Ria extended its presence in global sports serving as title sponsor of the 2025 Caribbean Series (Serie del Caribe) in Mexicali. The tournament is one of the most prominent events in Latin American baseball.

That same year, Ria became the official remittance services partner of the Mexican Football Federation, supporting both the men’s and women’s national teams through a multi-year agreement as sponsors in the United States.

== Awards and Recognitions ==
Accredited since 2015, Ria has received an A+ rating from the Better Business Bureau (BBB), reflecting the organization’s assessment of the company’s commitment to resolving customer complaints, maintaining transparent business practices, and operating with integrity.

Ria has been recognized as one of the best companies for young professionals in El Salvador by the 2024 Employers for Youth (EFY) study conducted by human resource specialists FirstJob, the survey took into consideration a broad range of factors, including career development prospects as well as the day-to-day workplace experience.

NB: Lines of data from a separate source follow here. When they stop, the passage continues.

lemma Q_1_minus_Q_0: "Q 1 - Q 0 = K1 / 2"
proof -
  have "arctan (sqrt 3) = pi / 3" using arctan_tan[of "pi / 3"] tan_60 by simp
  then have Q_1: "Q 1 = ln 3 / 2 + sqrt 3 * (pi / 3)"
    unfolding Q_def by (simp add: real_div_sqrt)
  have "arctan (1 / sqrt 3) = pi / 6" using arctan_tan[of "pi / 6"] tan_30 by simp
  then have Q_0: "Q 0 = sqrt 3 * (pi / 6)" unfolding Q_def by simp
  have "pi / sqrt 3 = pi / 3 * (3 / sqrt 3)" by simp
  then have pi_div_sqrt_3: "pi / sqrt 3 = pi / 3 * sqrt 3" by (simp add: real_div_sqrt)
  show ?thesis unfolding K1_def pi_div_sqrt_3 Q_1 Q_0 by (simp add: field_simps)
qed

lemma nn_integral_Ioo_eq_diff:
  fixes P R :: "real \<Rightarrow> real"
  assumes "a \<le> b"
    and deriv: "\<And>s. s \<in> {a..b} \<Longrightarrow> (P has_real_derivative R s) (at s)"
    and nonneg: "\<And>s. s \<in> {a..b} \<Longrightarrow> 0 \<le> R s"
  shows "(\<integral>\<^sup>+s\<in>{a<..<b}. ennreal (R s) \<partial>lborel) = ennreal (P b - P a)"
    and "0 \<le> P b - P a"
proof -
  have "(R has_integral P b - P a) {a..b}"
    using assms(1) deriv
    by (intro fundamental_theorem_of_calculus)
       (auto simp: has_real_derivative_iff_has_vector_derivative[symmetric]
             intro: has_field_derivative_at_within)
  then show "0 \<le> P b - P a"
    using nonneg by (rule has_integral_nonneg)
  from \<open>(R has_integral P b - P a) {a..b}\<close>
  show "(\<integral>\<^sup>+s\<in>{a<..<b}. ennreal (R s) \<partial>lborel) = ennreal (P b - P a)"
    unfolding has_integral_Icc_iff_Ioo
    by (rule nn_integral_has_integral_lebesgue'[rotated]) (use nonneg in auto)
qed

lemma nn_integral_Icc_eq_Ioo:
  fixes f :: "real \<Rightarrow> ennreal"
  shows "(\<integral>\<^sup>+x\<in>{a..b}. f x \<partial>lborel) = (\<integral>\<^sup>+x\<in>{a<..<b}. f x \<partial>lborel)"
  by (rule nn_integral_cong_AE)
     (use AE_lborel_singleton[of a] AE_lborel_singleton[of b]
       in \<open>eventually_elim, auto split: split_indicator\<close>)

lemma nn_integral_lborel_triple:
  fixes f :: "real \<times> real \<times> real \<Rightarrow> ennreal"
  assumes [measurable]: "f \<in> borel_measurable borel"
  shows "(\<integral>\<^sup>+p. f p \<partial>lborel) = (\<integral>\<^sup>+x. \<integral>\<^sup>+y. \<integral>\<^sup>+z. f (x, y, z) \<partial>lborel \<partial>lborel \<partial>lborel)"
proof -
  have "(\<integral>\<^sup>+p. f p \<partial>lborel) = (\<integral>\<^sup>+x. \<integral>\<^sup>+q. f (x, q) \<partial>lborel \<partial>lborel)"
    by (subst lborel_prod[symmetric], rule lborel.nn_integral_fst[symmetric]) (simp add: lborel_prod)
  also have "\<dots> = (\<integral>\<^sup>+x. \<integral>\<^sup>+y. \<integral>\<^sup>+z. f (x, y, z) \<partial>lborel \<partial>lborel \<partial>lborel)"
    by (intro nn_integral_cong, subst lborel_prod[symmetric], rule lborel.nn_integral_fst[symmetric])
       (simp add: lborel_prod)
  finally show ?thesis .
qed

lemma set_nn_integral_lborel_Times3:
  fixes f :: "real \<times> real \<times> real \<Rightarrow> ennreal"
  assumes [measurable]: "f \<in> borel_measurable borel" "A \<in> sets borel" "B \<in> sets borel" "C \<in> sets borel"
  shows "(\<integral>\<^sup>+p\<in>A \<times> B \<times> C. f p \<partial>lborel)
    = (\<integral>\<^sup>+x\<in>A. \<integral>\<^sup>+y\<in>B. \<integral>\<^sup>+z\<in>C. f (x, y, z) \<partial>lborel \<partial>lborel \<partial>lborel)"
proof -
  have [measurable]: "A \<times> B \<times> C \<in> sets borel"
    by (simp add: borel_prod[symmetric])
  show ?thesis
    by (subst nn_integral_lborel_triple)
       (auto simp: nn_integral_multc[symmetric] mult.assoc intro!: nn_integral_cong split: split_indicator)
qed

lemma set_nn_integral_lborel_swap:
  fixes h :: "real \<Rightarrow> real \<Rightarrow> ennreal"
  assumes [measurable]: "case_prod h \<in> borel_measurable (borel \<Otimes>\<^sub>M borel)" "A \<in> sets borel" "B \<in> sets borel"
  shows "(\<integral>\<^sup>+x\<in>A. \<integral>\<^sup>+y\<in>B. h x y \<partial>lborel \<partial>lborel) = (\<integral>\<^sup>+y\<in>B. \<integral>\<^sup>+x\<in>A. h x y \<partial>lborel \<partial>lborel)"
proof -
  have "(\<integral>\<^sup>+x\<in>A. \<integral>\<^sup>+y\<in>B. h x y \<partial>lborel \<partial>lborel)
      = (\<integral>\<^sup>+x. \<integral>\<^sup>+y. h x y * indicator B y * indicator A x \<partial>lborel \<partial>lborel)"
    by (auto intro!: nn_integral_cong simp: nn_integral_multc)
  also have "\<dots> = (\<integral>\<^sup>+y. \<integral>\<^sup>+x. h x y * indicator B y * indicator A x \<partial>lborel \<partial>lborel)"
    by (rule lborel_pair.Fubini'[symmetric]) measurable
  also have "\<dots> = (\<integral>\<^sup>+y. \<integral>\<^sup>+x. h x y * indicator A x * indicator B y \<partial>lborel \<partial>lborel)"
    by (simp add: ac_simps)
  also have "\<dots> = (\<integral>\<^sup>+y\<in>B. \<integral>\<^sup>+x\<in>A. h x y \<partial>lborel \<partial>lborel)"
    by (auto intro!: nn_integral_cong simp: nn_integral_multc)
  finally show ?thesis .
qed

lemma nn_integral_Ioo_rescale:
  fixes g :: "real \<Rightarrow> ennreal"
  assumes [measurable]: "g \<in> borel_measurable borel" and "0 < c"
  shows "ennreal c * (\<integral>\<^sup>+x\<in>{0<..<1}. g (x * c) \<partial>lborel) = (\<integral>\<^sup>+t\<in>{0<..<c}. g t \<partial>lborel)"
proof -
  have "indicator {0<..<c} (c * x) = (indicator {0<..<1} x :: ennreal)" for x
    using \<open>0 < c\<close> by (auto split: split_indicator simp: zero_less_mult_iff)
  moreover have "(\<integral>\<^sup>+t\<in>{0<..<c}. g t \<partial>lborel)
      = ennreal \<bar>c\<bar> * (\<integral>\<^sup>+x. g (0 + c * x) * indicator {0<..<c} (0 + c * x) \<partial>lborel)"
    using \<open>0 < c\<close> by (intro nn_integral_real_affine) auto
  ultimately show ?thesis
    using \<open>0 < c\<close> by (simp add: mult.commute)
qed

In August 2025, Ria Money Transfer received a recognition from the Government of Querétaro, Mexico, for exceeding its employment growth commitments in the state. The award, presented by the Ministry of Sustainable Development (SEDESU), acknowledged Ria's contribution to local economic development and job creation, with the company employing more than 500 people in Querétaro.

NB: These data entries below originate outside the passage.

lemma red_le_apps_args:
  "length Ns = length Ms \<Longrightarrow> length bs = length Ms \<Longrightarrow>
   \<forall>i<length Ms. red_le (bs ! i) (Ms ! i) (Ns ! i) \<Longrightarrow>
   red_le (sum_list bs) (apps H Ms) (apps H Ns)"
proof (induction Ms arbitrary: H Ns bs)
  case (Cons M Ms)
  obtain N Ns' b bs' where Nb: "Ns = N # Ns'" "bs = b # bs'"
    using Cons.prems(1,2) by (cases Ns; cases bs) auto
  have "red_le (sum_list bs') (apps (App H M) Ms) (apps (App H M) Ns')"
    using Cons.IH[of Ns' bs' "App H M"] Cons.prems Nb by fastforce
  moreover have "red_le b (apps (App H M) Ns') (apps (App H N) Ns')"
    using Cons.prems(3) Nb by (fastforce intro: red_le_apps_head red_le_appR)
  ultimately show ?case using Nb red_le_trans by (fastforce simp: add.commute)
qed (simp add: red_le_refl)

lemma red_le_apps_map:
  assumes "\<forall>t\<in>set ts. \<exists>M q. red_le (s t * V) (C t) M \<and> P t M q \<and> q \<le> s t"
  obtains Ms qs where "length Ms = length ts" "length qs = length ts"
    "\<forall>i<length ts. P (ts ! i) (Ms ! i) (qs ! i)"
    "red_le (sum_list (map s ts) * V) (apps H (map C ts)) (apps H Ms)" "sum_list qs \<le> sum_list (map s ts)"
proof -
  have "\<exists>Ms qs. length Ms = length ts \<and> length qs = length ts \<and> (\<forall>i<length ts. P (ts ! i) (Ms ! i) (qs ! i)) \<and>
          red_le (sum_list (map s ts) * V) (apps H (map C ts)) (apps H Ms) \<and> sum_list qs \<le> sum_list (map s ts)"
    using assms
  proof (induction ts arbitrary: H)
    case (Cons t ts)
    obtain M q where t: "red_le (s t * V) (C t) M" "P t M q" "q \<le> s t" using Cons.prems by auto
    have "\<forall>t\<in>set ts. \<exists>M q. red_le (s t * V) (C t) M \<and> P t M q \<and> q \<le> s t"
      using Cons.prems by simp
    then obtain Ms qs where ts: "length Ms = length ts" "length qs = length ts" "\<forall>i<length ts. P (ts ! i) (Ms ! i) (qs ! i)"
      "red_le (sum_list (map s ts) * V) (apps (App H M) (map C ts)) (apps (App H M) Ms)" "sum_list qs \<le> sum_list (map s ts)"
      using Cons.IH[of "App H M"] by blast
    have "red_le (s t * V) (apps H (map C (t # ts))) (apps (App H M) (map C ts))"
      using t(1) by (simp add: red_le_apps_head red_le_appR)
    from red_le_trans[OF this ts(4)] have "red_le (sum_list (map s (t # ts)) * V) (apps H (map C (t # ts))) (apps H (M # Ms))"
      by (simp add: algebra_simps)
    moreover have "\<forall>i<length (t # ts). P ((t # ts) ! i) ((M # Ms) ! i) ((q # qs) ! i)"
      using t(2) ts(3) by (simp add: nth_Cons split: nat.split)
    ultimately show ?case
      using t(3) ts(1,2,5) by (intro exI[of _ "M # Ms"] exI[of _ "q # qs"]) simp
  qed (simp add: red_le_refl)
  then show ?thesis using that by blast
qed

lemma red_le_apps_args_ex:
  assumes "length Ns = length Ms" "\<forall>i<length Ms. \<exists>b. red_le b (Ms ! i) (Ns ! i)"
  shows "\<exists>b. red_le b (apps H Ms) (apps H Ns)"
proof -
  obtain B where "\<forall>i<length Ms. red_le (B i) (Ms ! i) (Ns ! i)" using assms(2) by metis
  then show ?thesis using red_le_apps_args[OF assms(1), of "map B [0..<length Ms]"] by auto
qed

In 2025, Ria received international recognition for its brand storytelling, earning two awards at the Cannes Corporate Media & TV Awards for its documentary Good Teacher. The firm received a Gold Award in the Corporate Responsibility Category and was the sole recipient of the Best Emotional Appeal Award. In 2026, the documentary was also recognized with a Silver Tower by the New York Festivals TV & Film Awards.

== Philanthropy ==
Ria has collaborated with Children’s Rehabilitation Institution TeletonUSA (CRIT) and Teleton El Salvador supporting fundraising campaigns through its global network and participating in televised telethon events aimed at raising funds for children with disabilities.

In 2022, the company announced a global partnership with Save the Children, an international non-governmental organization, aimed at supporting programs that improve the well-being of vulnerable children worldwide. Through this partnership, Ria has supported initiatives designed to expand the access to quality early-childhood education for children in Mexico and the Philippines.